---- Excerpted data

lemma zspan_subset_completion: "zspan S \<subseteq> completion (zspan S)"
  by (auto simp: completion_def cspan_def vec.span_base)

lemma completion_zspan_mono:
  assumes "S \<subseteq> T"
  shows "completion (zspan S) \<subseteq> completion (zspan T)"
proof -
  have "zspan S \<subseteq> zspan T"
    unfolding zspan_def using assms by (rule zmod.span_mono)
  then show ?thesis
    unfolding completion_def cspan_def by (auto dest: vec.span_mono[OF image_mono])
qed

lemma completion_add: "a \<in> completion S \<Longrightarrow> b \<in> completion S \<Longrightarrow> a + b \<in> completion S"
  by (simp add: completion_def cspan_def lat_to_C_add vec.span_add)

lemma completion_scale: "a \<in> completion S \<Longrightarrow> k *s a \<in> completion S"
  by (simp add: completion_def cspan_def lat_to_C_scale vec.span_scale)

lemma completion_cancel_scale:
  assumes "N \<noteq> 0" and "N *s y \<in> completion S"
  shows "y \<in> completion S"
proof -
  have "lat_to_C y = (1 / of_int N) *s lat_to_C (N *s y)"
    using assms(1) by (simp add: lat_to_C_scale vec_eq_iff)
  with assms(2) show ?thesis by (simp add: completion_def cspan_def vec.span_scale)
qed

lemma completion_zspan_multiple_in_zspan:
  assumes "x \<in> completion (zspan T)"
  shows "\<exists>N::int. N > 0 \<and> N *s x \<in> zspan T"
proof -
  from assms obtain t r where t: "finite t" "t \<subseteq> lat_to_C ` zspan T"
    and x: "lat_to_C x = (\<Sum>a\<in>t. r a *s a)"
    unfolding completion_def cspan_def vec.span_explicit by blast
  obtain pre where pre: "\<And>a. a \<in> t \<Longrightarrow> pre a \<in> zspan T \<and> lat_to_C (pre a) = a"
    using t(2) by (metis f_inv_into_f inv_into_into subsetD)
  obtain g :: "complex \<Rightarrow> rat" where g: "Modules.additive g" "\<And>q z. g (of_rat q * z) = q * g z" "g 1 = 1"
    using exists_rat_linear_functional_complex by blast
  have g_int: "g (of_int k * z) = of_int k * g z" for k z
    using g(2)[of "of_int k" z] by simp
  obtain N where N: "N > 0" "\<forall>a\<in>t. of_int N * g (r a) \<in> \<int>"
    using common_denominator[OF t(1), of "\<lambda>a. g (r a)"] by blast
  define m where "m a = \<lfloor>of_int N * g (r a)\<rfloor>" for a
  have m: "of_int (m a) = of_int N * g (r a)" if "a \<in> t" for a
    using N(2) that unfolding m_def by (metis Ints_cases floor_of_int)
  have "N *s x = (\<Sum>a\<in>t. m a *s pre a)"
    unfolding vec_eq_iff
  proof
    fix i
    have coord: "a $ i = of_int (pre a $ i)" if "a \<in> t" for a
      using pre[OF that] by (metis lat_to_C_nth)
    have "of_int (x $ i) = (\<Sum>a\<in>t. r a * a $ i)"
      using arg_cong[OF x, of "\<lambda>v. v $ i"] by simp
    also have "\<dots> = (\<Sum>a\<in>t. of_int (pre a $ i) * r a)"
      by (rule sum.cong) (simp_all add: coord mult.commute)
    finally have "g (of_int (x $ i)) = (\<Sum>a\<in>t. of_int (pre a $ i) * g (r a))"
      by (simp add: additive.sum[OF g(1)] g_int)
    then have "(of_int (x $ i) :: rat) = (\<Sum>a\<in>t. of_int (pre a $ i) * g (r a))"
      using g_int[of _ 1] g(3) by simp
    then have "of_int N * of_int (x $ i) = (\<Sum>a\<in>t. of_int (m a * pre a $ i) :: rat)"
      by (simp add: sum_distrib_left m mult_ac cong: sum.cong)
    then show "(N *s x) $ i = (\<Sum>a\<in>t. m a *s pre a) $ i"
      by (simp flip: of_int_mult of_int_sum)
  qed
  moreover have "(\<Sum>a\<in>t. m a *s pre a) \<in> zspan T"
    using pre unfolding zspan_def by (intro zmod.span_sum zmod.span_scale) (auto simp: zspan_def)
  ultimately show ?thesis using N(1) by auto
qed

lemma internal_direct_sum_pair_iff:
  fixes L :: "(int ^ 'n) set"
  assumes "P1 \<noteq> P2"
  shows "internal_direct_sum L {P1, P2} G \<longleftrightarrow>
    (\<forall>a1\<in>G P1. \<forall>a2\<in>G P2. a1 + a2 \<in> L) \<and>
    (\<forall>x\<in>L. \<exists>a1\<in>G P1. \<exists>a2\<in>G P2. x = a1 + a2) \<and>
    (\<forall>a1\<in>G P1. \<forall>a2\<in>G P2. \<forall>b1\<in>G P1. \<forall>b2\<in>G P2.
       a1 + a2 \<in> L \<longrightarrow> a1 + a2 = b1 + b2 \<longrightarrow> a1 = b1 \<and> a2 = b2)"
  (is "_ \<longleftrightarrow> ?closed \<and> ?onto \<and> ?unique")
proof -
  define pair where "pair a1 a2 p = (if p = P1 then a1 else if p = P2 then a2 else 0)"
    for a1 a2 :: "int ^ 'n" and p
  have decomposes_iff: "(\<forall>p\<in>{P1, P2}. f p \<in> G p) \<and> (\<forall>p. p \<notin> {P1, P2} \<longrightarrow> f p = 0) \<and>
      x = (\<Sum>p\<in>{P1, P2}. f p) \<longleftrightarrow> (\<exists>a1\<in>G P1. \<exists>a2\<in>G P2. f = pair a1 a2 \<and> x = a1 + a2)" for f x
    using assms by (auto simp: pair_def fun_eq_iff)
  have pair_eq_iff: "pair a1 a2 = pair b1 b2 \<longleftrightarrow> a1 = b1 \<and> a2 = b2" for a1 a2 b1 b2
    using assms by (auto simp: pair_def fun_eq_iff)
  have closed_iff: "(\<forall>f. (\<forall>p\<in>{P1, P2}. f p \<in> G p) \<longrightarrow> (\<Sum>p\<in>{P1, P2}. f p) \<in> L) \<longleftrightarrow> ?closed"
  proof
    assume "\<forall>f. (\<forall>p\<in>{P1, P2}. f p \<in> G p) \<longrightarrow> (\<Sum>p\<in>{P1, P2}. f p) \<in> L"
    then show ?closed
      using assms by (auto dest: spec[of _ "pair _ _"] simp: pair_def)
  qed (use assms in auto)
  have "internal_direct_sum L {P1, P2} G \<longleftrightarrow> ?closed \<and>
      (\<forall>x\<in>L. \<exists>!f. \<exists>a1\<in>G P1. \<exists>a2\<in>G P2. f = pair a1 a2 \<and> x = a1 + a2)"
    unfolding internal_direct_sum_def closed_iff decomposes_iff ..
  also have "\<dots> \<longleftrightarrow> ?closed \<and> ?onto \<and> ?unique"
    by (auto simp: pair_eq_iff) (metis pair_eq_iff)+
  finally show ?thesis .
qed

lemma internal_direct_sum_completion_restrict:
  fixes B B1 B2 D :: "(int ^ 'n) set"
  defines "C S \<equiv> completion (zspan S)"
  assumes ids: "internal_direct_sum (C B) {B1, B2} C"
    and "B1 \<noteq> B2" and "D \<subseteq> B" and "D \<subseteq> B1 \<union> B2" and "D \<inter> B1 \<noteq> D \<inter> B2"
  shows "internal_direct_sum (C D) {D \<inter> B1, D \<inter> B2} C"
proof -
  have mono: "C S \<subseteq> C T" if "S \<subseteq> T" for S T
    unfolding C_def using that by (rule completion_zspan_mono)
  have CD: "C (D \<inter> B1) \<subseteq> C D" "C (D \<inter> B2) \<subseteq> C D" "C D \<subseteq> C B"
    and CB: "C (D \<inter> B1) \<subseteq> C B1" "C (D \<inter> B2) \<subseteq> C B2"
    using \<open>D \<subseteq> B\<close> by (auto intro!: mono)
  have onto_B: "\<exists>y1\<in>C B1. \<exists>y2\<in>C B2. x = y1 + y2" if "x \<in> C B" for x
    using ids that by (simp add: internal_direct_sum_pair_iff[OF \<open>B1 \<noteq> B2\<close>])
  have unique_B: "a1 = b1 \<and> a2 = b2"
    if "a1 \<in> C B1" "a2 \<in> C B2" "b1 \<in> C B1" "b2 \<in> C B2" "a1 + a2 \<in> C B" "a1 + a2 = b1 + b2"
    for a1 a2 b1 b2
    using ids that by (simp add: internal_direct_sum_pair_iff[OF \<open>B1 \<noteq> B2\<close>])
  have onto_D: "\<exists>y1\<in>C (D \<inter> B1). \<exists>y2\<in>C (D \<inter> B2). x = y1 + y2" if x: "x \<in> C D" for x
  proof -
    obtain y1 y2 where y: "y1 \<in> C B1" "y2 \<in> C B2" "x = y1 + y2"
      using onto_B x CD(3) by blast
    obtain N :: int where N: "N > 0" "N *s x \<in> zspan D"
      using completion_zspan_multiple_in_zspan x unfolding C_def by blast
    have "zspan D = zspan ((D \<inter> B1) \<union> (D \<inter> B2))"
      using \<open>D \<subseteq> B1 \<union> B2\<close> by (metis Int_Un_distrib inf.absorb1)
    with N(2) obtain w1 w2 where w: "w1 \<in> zspan (D \<inter> B1)" "w2 \<in> zspan (D \<inter> B2)" "N *s x = w1 + w2"
      unfolding zspan_Un by blast
    have w_C: "w1 \<in> C (D \<inter> B1)" "w2 \<in> C (D \<inter> B2)"
      using w zspan_subset_completion unfolding C_def by blast+
    have Nx: "N *s x = N *s y1 + N *s y2"
      using y(3) by simp
    have "N *s y1 = w1 \<and> N *s y2 = w2"
    proof (rule unique_B)
      show "N *s y1 \<in> C B1" "N *s y2 \<in> C B2"
        using y completion_scale unfolding C_def by blast+
      show "N *s y1 + N *s y2 \<in> C B"
        using x CD(3) completion_scale[of x "zspan B" N] Nx unfolding C_def by auto
      show "N *s y1 + N *s y2 = w1 + w2"
        using w(3) Nx by simp
    qed (use w_C CB in blast)+
    with w_C have "y1 \<in> C (D \<inter> B1)" "y2 \<in> C (D \<inter> B2)"
      using completion_cancel_scale[of N] N(1) unfolding C_def by auto
    with y(3) show ?thesis by blast
  qed
  have closed_D: "a1 + a2 \<in> C D" if "a1 \<in> C (D \<inter> B1)" "a2 \<in> C (D \<inter> B2)" for a1 a2
    using that CD(1,2) completion_add unfolding C_def by blast
  have unique_D: "a1 = b1 \<and> a2 = b2"
    if "a1 \<in> C (D \<inter> B1)" "a2 \<in> C (D \<inter> B2)" "b1 \<in> C (D \<inter> B1)" "b2 \<in> C (D \<inter> B2)"
      "a1 + a2 \<in> C D" "a1 + a2 = b1 + b2" for a1 a2 b1 b2
    using that CB CD(3) by (intro unique_B) blast+
  show ?thesis
    unfolding internal_direct_sum_pair_iff[OF \<open>D \<inter> B1 \<noteq> D \<inter> B2\<close>]
    using closed_D onto_D unique_D by blast
qed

--------

Work request -
All that belongs in the answer is the run of lines above from the line containing "from assms obtain" through the line containing "unfolding completion_def cspan_def vec.span_explicit", exactly as written.

Task output -
  from assms obtain t r where t: "finite t" "t \<subseteq> lat_to_C ` zspan T"
    and x: "lat_to_C x = (\<Sum>a\<in>t. r a *s a)"
    unfolding completion_def cspan_def vec.span_explicit by blast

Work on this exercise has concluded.